(Stored data entries)
(* There exist an open interval $A\subset\mathbb R$ of length strictly larger than $2$ and a smooth ($C^\infty$) function $\psi:A\to\mathbb C$ which is a regular $\mathbb C$-supershift on $A$ but is not real analytic on $A$.
   Context: For an open interval $A\subset\mathbb R$ of length $R>2$ (possibly infinite), set $\mathbb A=\{(a,a')\in\mathbb R\times A:\ a'+[-1,1]\subset A,\ a+a'\in A\}$. For a sequence $\boldsymbol\epsilon=(\epsilon_N)_{N\ge1}$ with $\epsilon_N\in[0,1)$ and $\epsilon_N\to0$, put $h^{\boldsymbol\epsilon}_{N,\nu}=1-2\,\frac{\nu+\epsilon_N(N-\nu)}{N}$ for $0\le\nu\le N$. For a continuous $\psi:A\to\mathbb C$ and $(a,a')\in\mathbb A$ set $$S_N^{\boldsymbol\epsilon}[\psi](a,a')=\sum_{\nu=0}^N\binom N\nu\Big(\frac{1+a}2\Big)^{N-\nu}\Big(\frac{1-a}2\Big)^{\nu}\psi\big(a'+h^{\boldsymbol\epsilon}_{N,\nu}\big).$$ A continuous $\psi:A\to\mathbb C$ is called a regular $\mathbb C$-supershift on $A$ if (1) for every such sequence $\boldsymbol\epsilon$, $S_N^{\boldsymbol\epsilon}[\psi](a,a')\to\psi(a+a')$ as $N\to\infty$ uniformly on compact subsets of $\mathbb A$; and (2) for every family $\{\boldsymbol\epsilon_{\iota'}=(\epsilon_{\iota',N})_{N\ge1}:\iota'\in I'\}$ of such sequences with $\sup_{\iota'\in I'}\epsilon_{\iota',N}\to0$ as $N\to\infty$, the convergence in (1) is uniform with respect to $\iota'\in I'$ on each compact subset of $\mathbb A$. *)

theory Defs
  imports "HOL-Analysis.Analysis"
begin

definition open_interval_gt2 :: "real set \<Rightarrow> bool" where
  "open_interval_gt2 A \<longleftrightarrow> open A \<and> is_interval A \<and> (\<exists>x\<in>A. \<exists>y\<in>A. y - x > 2)"

definition adm_pairs :: "real set \<Rightarrow> (real \<times> real) set" where
  "adm_pairs A = {(a, a'). a' \<in> A \<and> {a' - 1 .. a' + 1} \<subseteq> A \<and> a + a' \<in> A}"

text \<open>Admissible sequences epsilon (index 0 is irrelevant, only N \<ge> 1 is used).\<close>
definition adm_eps :: "(nat \<Rightarrow> real) \<Rightarrow> bool" where
  "adm_eps e \<longleftrightarrow> (\<forall>N. 0 \<le> e N \<and> e N < 1) \<and> e \<longlonglongrightarrow> 0"

definition h_eps :: "(nat \<Rightarrow> real) \<Rightarrow> nat \<Rightarrow> nat \<Rightarrow> real" where
  "h_eps e N \<nu> = 1 - 2 * ((real \<nu> + e N * (real N - real \<nu>)) / real N)"

definition S_eps :: "(nat \<Rightarrow> real) \<Rightarrow> (real \<Rightarrow> complex) \<Rightarrow> nat \<Rightarrow> real \<Rightarrow> real \<Rightarrow> complex" where
  "S_eps e \<psi> N a a' =
     (\<Sum>\<nu>=0..N. of_real (real (N choose \<nu>) * ((1 + a) / 2) ^ (N - \<nu>) * ((1 - a) / 2) ^ \<nu>)
                 * \<psi> (a' + h_eps e N \<nu>))"

definition regular_supershift :: "real set \<Rightarrow> (real \<Rightarrow> complex) \<Rightarrow> bool" where
  "regular_supershift A \<psi> \<longleftrightarrow>
     continuous_on A \<psi> \<and>
     (\<forall>e. adm_eps e \<longrightarrow>
        (\<forall>K. compact K \<and> K \<subseteq> adm_pairs A \<longrightarrow>
           uniform_limit K (\<lambda>N (a, a'). S_eps e \<psi> N a a') (\<lambda>(a, a'). \<psi> (a + a')) sequentially)) \<and>
     (\<forall>F :: (nat \<Rightarrow> real) set.
        (\<forall>e\<in>F. adm_eps e) \<and> (\<forall>\<delta>>0. \<forall>\<^sub>F N in sequentially. \<forall>e\<in>F. e N \<le> \<delta>) \<longrightarrow>
        (\<forall>K. compact K \<and> K \<subseteq> adm_pairs A \<longrightarrow>
           (\<forall>\<delta>>0. \<forall>\<^sub>F N in sequentially. \<forall>e\<in>F. \<forall>(a, a')\<in>K.
               norm (S_eps e \<psi> N a a' - \<psi> (a + a')) < \<delta>)))"

definition smooth_on_real :: "real set \<Rightarrow> (real \<Rightarrow> complex) \<Rightarrow> bool" where
  "smooth_on_real A \<psi> \<longleftrightarrow>
     (\<exists>D :: nat \<Rightarrow> real \<Rightarrow> complex. (\<forall>x\<in>A. D 0 x = \<psi> x) \<and>
        (\<forall>n. \<forall>x\<in>A. (D n has_vector_derivative D (Suc n) x) (at x)))"

definition real_analytic_on :: "real set \<Rightarrow> (real \<Rightarrow> complex) \<Rightarrow> bool" where
  "real_analytic_on A \<psi> \<longleftrightarrow>
     (\<forall>x0\<in>A. \<exists>r>0. \<exists>c :: nat \<Rightarrow> complex. \<forall>x. \<bar>x - x0\<bar> < r \<longrightarrow>
        x \<in> A \<and> (\<lambda>n. c n * of_real ((x - x0) ^ n)) sums \<psi> x)"

end

theory Submission
  imports Defs "HOL-Computational_Algebra.Polynomial" "HOL-Complex_Analysis.Complex_Analysis"
begin

(*
  The witness is the smooth step psi x = phi (x - 1/2) / (phi (x - 1/2) + phi (3/2 - x)) on
  A = (0, 2.01), where phi x = exp (-1/x) for x > 0 and phi x = 0 otherwise.  It is C-infinity
  because it lies in an algebra of functions that is closed under differentiation, and it is not
  real analytic at 1/2 because it vanishes to the left of 1/2 but not to the right.

  With q = (1 - a)/2, S_N psi (a, a') is the Bernstein average of psi at the nodes a' + h_nu.
  For |a| <= 1 the weights form a probability distribution, so the Lipschitz bound and the second
  moment of the nodes about a + a' = a' + 1 - 2q give the error L (N^(-1/2) + 2 eps_N).
  Admissibility forces 1 < a' < 1.01, hence otherwise 1 < |a| < 1.01; then psi takes its constant
  value (1 resp. 0) at a + a' and at all nodes outside one fifth of the indices, and the absolute
  weight of that fifth is at most ((32 |q| + |1 - q|)/2)^N <= (3/5)^N.  Both bounds depend on the
  sequence eps only through eps_N and are uniform in (a, a'), which gives both clauses of the
  definition of a regular supershift.
*)

section \<open>The flat function and the algebra it generates\<close>

lemma poly_times_exp_neg_tendsto_0: "((\<lambda>y. poly p y * exp (-y)) \<longlongrightarrow> (0::real)) at_top"
proof -
  have "((\<lambda>y. \<Sum>i\<le>degree p. coeff p i * (y ^ i / exp y)) \<longlongrightarrow> 0) at_top"
    by (intro tendsto_null_sum tendsto_mult_right_zero tendsto_power_div_exp_0)
  moreover have "(\<Sum>i\<le>degree p. coeff p i * (y ^ i / exp y)) = poly p y * exp (-y)" for y :: real
    by (simp add: poly_altdef exp_minus divide_inverse sum_distrib_right mult.assoc)
  ultimately show ?thesis by simp
qed

fun flat_poly :: "nat \<Rightarrow> real poly" where
  "flat_poly 0 = 1"
| "flat_poly (Suc n) = [:0, 0, 1:] * (flat_poly n - pderiv (flat_poly n))"

text \<open>The \<open>n\<close>-th derivative of the flat function \<open>exp (-1/x)\<close> (extended by \<open>0\<close> to \<open>x \<le> 0\<close>).\<close>

definition flat_deriv :: "nat \<Rightarrow> real \<Rightarrow> real" where
  "flat_deriv n x = (if x > 0 then poly (flat_poly n) (1/x) * exp (-1/x) else 0)"

lemma flat_deriv_0: "flat_deriv 0 x = (if x > 0 then exp (-1/x) else 0)"
  by (simp add: flat_deriv_def)

lemma flat_deriv_formula_has_derivative:
  assumes "x > 0"
  shows "((\<lambda>x. poly (flat_poly n) (1/x) * exp (-1/x)) has_real_derivative
           poly (flat_poly (Suc n)) (1/x) * exp (-1/x)) (at x)"
proof -
  have "((\<lambda>x. poly (flat_poly n) (1/x) * exp (-1/x)) has_real_derivative
          poly (pderiv (flat_poly n)) (1/x) * (- 1 / x^2) * exp (-1/x)
            + poly (flat_poly n) (1/x) * (exp (-1/x) * (1 / x^2))) (at x)"
    using assms by (auto intro!: derivative_eq_intros simp: power2_eq_square field_simps)
  then show ?thesis
    by (simp add: algebra_simps power2_eq_square divide_inverse)
qed

lemma flat_deriv_has_derivative_at_0: "(flat_deriv n has_real_derivative 0) (at 0)"
proof -
  have "((\<lambda>h. (flat_deriv n h - flat_deriv n 0) / h) \<longlongrightarrow> 0) (at_left 0)"
    by (rule tendsto_eventually) (auto simp: eventually_at_filter flat_deriv_def)
  moreover have "((\<lambda>h. (flat_deriv n h - flat_deriv n 0) / h) \<longlongrightarrow> 0) (at_right 0)"
  proof -
    have "((\<lambda>y. (flat_deriv n (inverse y) - flat_deriv n 0) / inverse y) \<longlongrightarrow> 0) at_top"
    proof (rule Lim_transform_eventually[OF poly_times_exp_neg_tendsto_0[of "[:0, 1:] * flat_poly n"]])
      show "\<forall>\<^sub>F y in at_top. poly ([:0, 1:] * flat_poly n) y * exp (- y)
              = (flat_deriv n (inverse y) - flat_deriv n 0) / inverse y"
        using eventually_gt_at_top[of "0::real"]
        by eventually_elim (simp add: flat_deriv_def field_simps)
    qed
    then show ?thesis
      by (simp add: filterlim_at_right_to_top)
  qed
  ultimately show ?thesis
    by (simp add: has_field_derivative_iff filterlim_at_split)
qed

lemma flat_deriv_has_derivative: "(flat_deriv n has_real_derivative flat_deriv (Suc n) x) (at x)"
proof -
  consider "x > 0" | "x < 0" | "x = 0" by linarith
  then show ?thesis
  proof cases
    case 1
    have ev: "\<forall>\<^sub>F y in nhds x. poly (flat_poly n) (1/y) * exp (-1/y) = flat_deriv n y"
      using eventually_nhds_in_open[of "{0<..}" x] 1
      by (auto elim!: eventually_mono simp: flat_deriv_def)
    show ?thesis
      using DERIV_cong_ev[OF refl ev refl] flat_deriv_formula_has_derivative[OF 1, of n] 1
      unfolding flat_deriv_def[of "Suc n"] by simp
  next
    case 2
    have ev: "\<forall>\<^sub>F y in nhds x. 0 = flat_deriv n y"
      using eventually_nhds_in_open[of "{..<0}" x] 2
      by (auto elim!: eventually_mono simp: flat_deriv_def)
    show ?thesis
      using DERIV_cong_ev[OF refl ev refl] 2 DERIV_const[of 0 "at x"]
      by (simp add: flat_deriv_def[of "Suc n"])
  next
    case 3
    then show ?thesis
      using flat_deriv_has_derivative_at_0 by (simp add: flat_deriv_def)
  qed
qed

Exercise details
From the records above, extract exactly and only the lines that begin at the line with "continuous_on A \<psi> \<and>" and stop after the line with "sequentially. \<forall>e\<in>F. \<forall>(a, a')\<in>K.".

Written response
     continuous_on A \<psi> \<and>
     (\<forall>e. adm_eps e \<longrightarrow>
        (\<forall>K. compact K \<and> K \<subseteq> adm_pairs A \<longrightarrow>
           uniform_limit K (\<lambda>N (a, a'). S_eps e \<psi> N a a') (\<lambda>(a, a'). \<psi> (a + a')) sequentially)) \<and>
     (\<forall>F :: (nat \<Rightarrow> real) set.
        (\<forall>e\<in>F. adm_eps e) \<and> (\<forall>\<delta>>0. \<forall>\<^sub>F N in sequentially. \<forall>e\<in>F. e N \<le> \<delta>) \<longrightarrow>
        (\<forall>K. compact K \<and> K \<subseteq> adm_pairs A \<longrightarrow>
           (\<forall>\<delta>>0. \<forall>\<^sub>F N in sequentially. \<forall>e\<in>F. \<forall>(a, a')\<in>K.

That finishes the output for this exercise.